Under the direct supervision of the Co-Directors of the Rheumatic Diseases Research Core Center and the Director of the Research Management and Patient Integrated Data (RAPID) Core Center the individual is responsible for the collection, organization, entry, maintenance and accuracy of clinical research data for clinical studies. She/he will collaborate in development & writing of consent forms, in development and preparation of regulatory documents as appropriate and clarifying concerns & questions about new protocols with PI and/or sponsor. This position will support investigators across the Division of Rheumatology. Studies may include longitudinal observational studies as well as interventional clinical trials of investigational medications, devices, or other lifestyle interventions.
Specific duties & responsibilities:
Complete and maintain up to date documentation of human subjects' research training required by the JHM IRB and protocol Sponsors including and not limited to: JHM Research Compliance, HIPAA, Blood borne Pathogens, and CPR.
Attend and participate in staff and division meetings, protocol and research-related meetings and trainings, performance improvement and quality assurance activities, and other meetings as required or assigned.
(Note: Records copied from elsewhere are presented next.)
text \<open>The truncation of \<open>(\<Sum>d. \<mu> d / d\<^sup>2) * \<zeta>(2) = 1\<close>; it pins down the partial sums of
  \<open>\<Sum>d. \<mu> d / d\<^sup>2\<close> without any convergence argument for the M\<ouml>bius series.\<close>
lemma sum_moebius_mu_inverse_squares_partial:
  assumes "N \<ge> 1"
  shows "(\<Sum>d=1..N. moebius_mu d / real d ^ 2 * (\<Sum>m=1..N div d. 1 / real m ^ 2)) = 1"
proof -
  have "(\<Sum>d=1..N. moebius_mu d / real d ^ 2 * (\<Sum>m=1..N div d. 1 / real m ^ 2))
      = (\<Sum>d=1..N. \<Sum>m=1..N div d. moebius_mu d / real (d * m) ^ 2)"
    by (simp add: sum_distrib_left power_mult_distrib)
  also have "\<dots> = (\<Sum>i=1..N. \<Sum>d | d dvd i. moebius_mu d / real i ^ 2)"
    by (rule sum_divisors_interchange[symmetric])
  also have "\<dots> = (\<Sum>i=1..N. (\<Sum>d | d dvd i. moebius_mu d) / real i ^ 2)"
    by (simp add: sum_divide_distrib)
  also have "\<dots> = (\<Sum>i=1..N. of_bool (i = 1))"
    by (intro sum.cong refl) (simp add: sum_moebius_mu_divisors)
  also have "\<dots> = 1" using assms by simp
  finally show ?thesis .
qed

lemma inverse_nat_div_le:
  assumes "1 \<le> d" "d \<le> N"
  shows "1 / real (N div d) \<le> 2 * real d / real N"
proof -
  have q: "N div d \<ge> 1" using assms by (simp add: div_greater_zero_iff Suc_le_eq)
  have "real N / real d \<le> 2 * real (N div d)"
    using real_div_le_of_nat_div_plus_one[of N d] q by simp
  then show ?thesis using assms q by (simp add: field_simps)
qed

lemma moebius_mu_inverse_squares_sum_approx:
  assumes "N \<ge> 1"
  shows "\<bar>real N * (\<Sum>d=1..N. moebius_mu d / real d ^ 2) - 6 * real N / pi\<^sup>2\<bar> \<le> 2 * harm N"
proof -
  define S where "S = (\<Sum>d=1..N. moebius_mu d / real d ^ 2)"
  define T where "T K = pi\<^sup>2 / 6 - (\<Sum>m=1..K. 1 / real m ^ 2)" for K
  have T: "0 \<le> T (N div d)" "T (N div d) \<le> 2 * real d / real N" if "d \<in> {1..N}" for d
    using that inverse_squares_tail_bounds[of "N div d"] inverse_nat_div_le[of d N]
    by (auto simp: T_def div_greater_zero_iff Suc_le_eq)
  have "1 = (\<Sum>d=1..N. moebius_mu d / real d ^ 2 * (pi\<^sup>2 / 6 - T (N div d)))"
    using sum_moebius_mu_inverse_squares_partial[OF assms] by (simp add: T_def)
  then have "pi\<^sup>2 / 6 * S - 1 = (\<Sum>d=1..N. moebius_mu d / real d ^ 2 * T (N div d))"
    by (simp add: S_def algebra_simps sum_subtractf sum_distrib_left sum_distrib_right)
  also have "\<bar>\<dots>\<bar> \<le> (\<Sum>d=1..N. 2 / real N * (1 / real d))"
  proof (rule order.trans[OF sum_abs sum_mono])
    fix d assume d: "d \<in> {1..N}"
    have "\<bar>moebius_mu d / real d ^ 2 * T (N div d)\<bar> = \<bar>moebius_mu d\<bar> * T (N div d) / real d ^ 2"
      using T[OF d] by (simp add: abs_mult)
    also have "\<dots> \<le> T (N div d) / real d ^ 2"
      using T[OF d] abs_moebius_mu_le[of d] by (intro divide_right_mono mult_left_le_one_le) auto
    also have "\<dots> \<le> (2 * real d / real N) / real d ^ 2"
      using T[OF d] by (intro divide_right_mono) auto
    finally show "\<bar>moebius_mu d / real d ^ 2 * T (N div d)\<bar> \<le> 2 / real N * (1 / real d)"
      using d by (simp add: power2_eq_square)
  qed
  also have "\<dots> = 2 / real N * harm N"
    by (simp add: harm_def sum_distrib_left inverse_eq_divide)
  finally have err: "\<bar>pi\<^sup>2 / 6 * S - 1\<bar> \<le> 2 / real N * harm N" .
  have "real N * S - 6 * real N / pi\<^sup>2 = 6 / pi\<^sup>2 * (real N * (pi\<^sup>2 / 6 * S - 1))"
    by (simp add: field_simps)
  then have "\<bar>real N * S - 6 * real N / pi\<^sup>2\<bar> = 6 / pi\<^sup>2 * (real N * \<bar>pi\<^sup>2 / 6 * S - 1\<bar>)"
    by (simp add: abs_mult)
  also have "\<dots> \<le> 1 * (real N * \<bar>pi\<^sup>2 / 6 * S - 1\<bar>)"
    using pi_gt3 power_mono[of 3 pi 2] by (intro mult_right_mono) auto
  also have "\<dots> \<le> 2 * harm N"
    using err assms by (simp add: field_simps)
  finally show ?thesis unfolding S_def .
qed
Advise and assist multiple Investigators in conceptualizing data collection needs and translating these needs into collected data
Assist with developing plans for subject recruitment; advertising and recruitment materials, flyers, and other advertisements in newspapers, websites, or other venues as determined by study team.
Inform potential study subjects about research studies, procedures, and protocol requirements.
Explain the informed consent process to subjects, obtain, and document subject informed consent.
Conduct screening interviews and administer screening questionnaires.
Perform protocol-specific in-service training for research staff
Oversight of the order and inventory of clinical supplies necessary for performance of studies.
Oversight of the coordination for the subject study visits according to study protocol to include vital signs, ECGs, phlebotomy, and obtaining clinical samples.
Design and compile materials which aid physicians and other staff in complying with protocol requirements for these visits and tests.
Collect, compile, and maintain data in a research chart for each patient from a variety of sources.
Record adverse event and side effect data and confer with investigators regarding the reporting of events to oversight agencies.
Monitor to confirm accuracy and timeliness of protocol procedures and data entries so that data information may be used for presentations and publication.
Prepare for or participate in quality assurance audits conducted by study sponsors, federal agencies, or specially designated review groups.
Identify protocol problems, inform investigators of problems, or assist in problem resolution efforts such as protocol revisions.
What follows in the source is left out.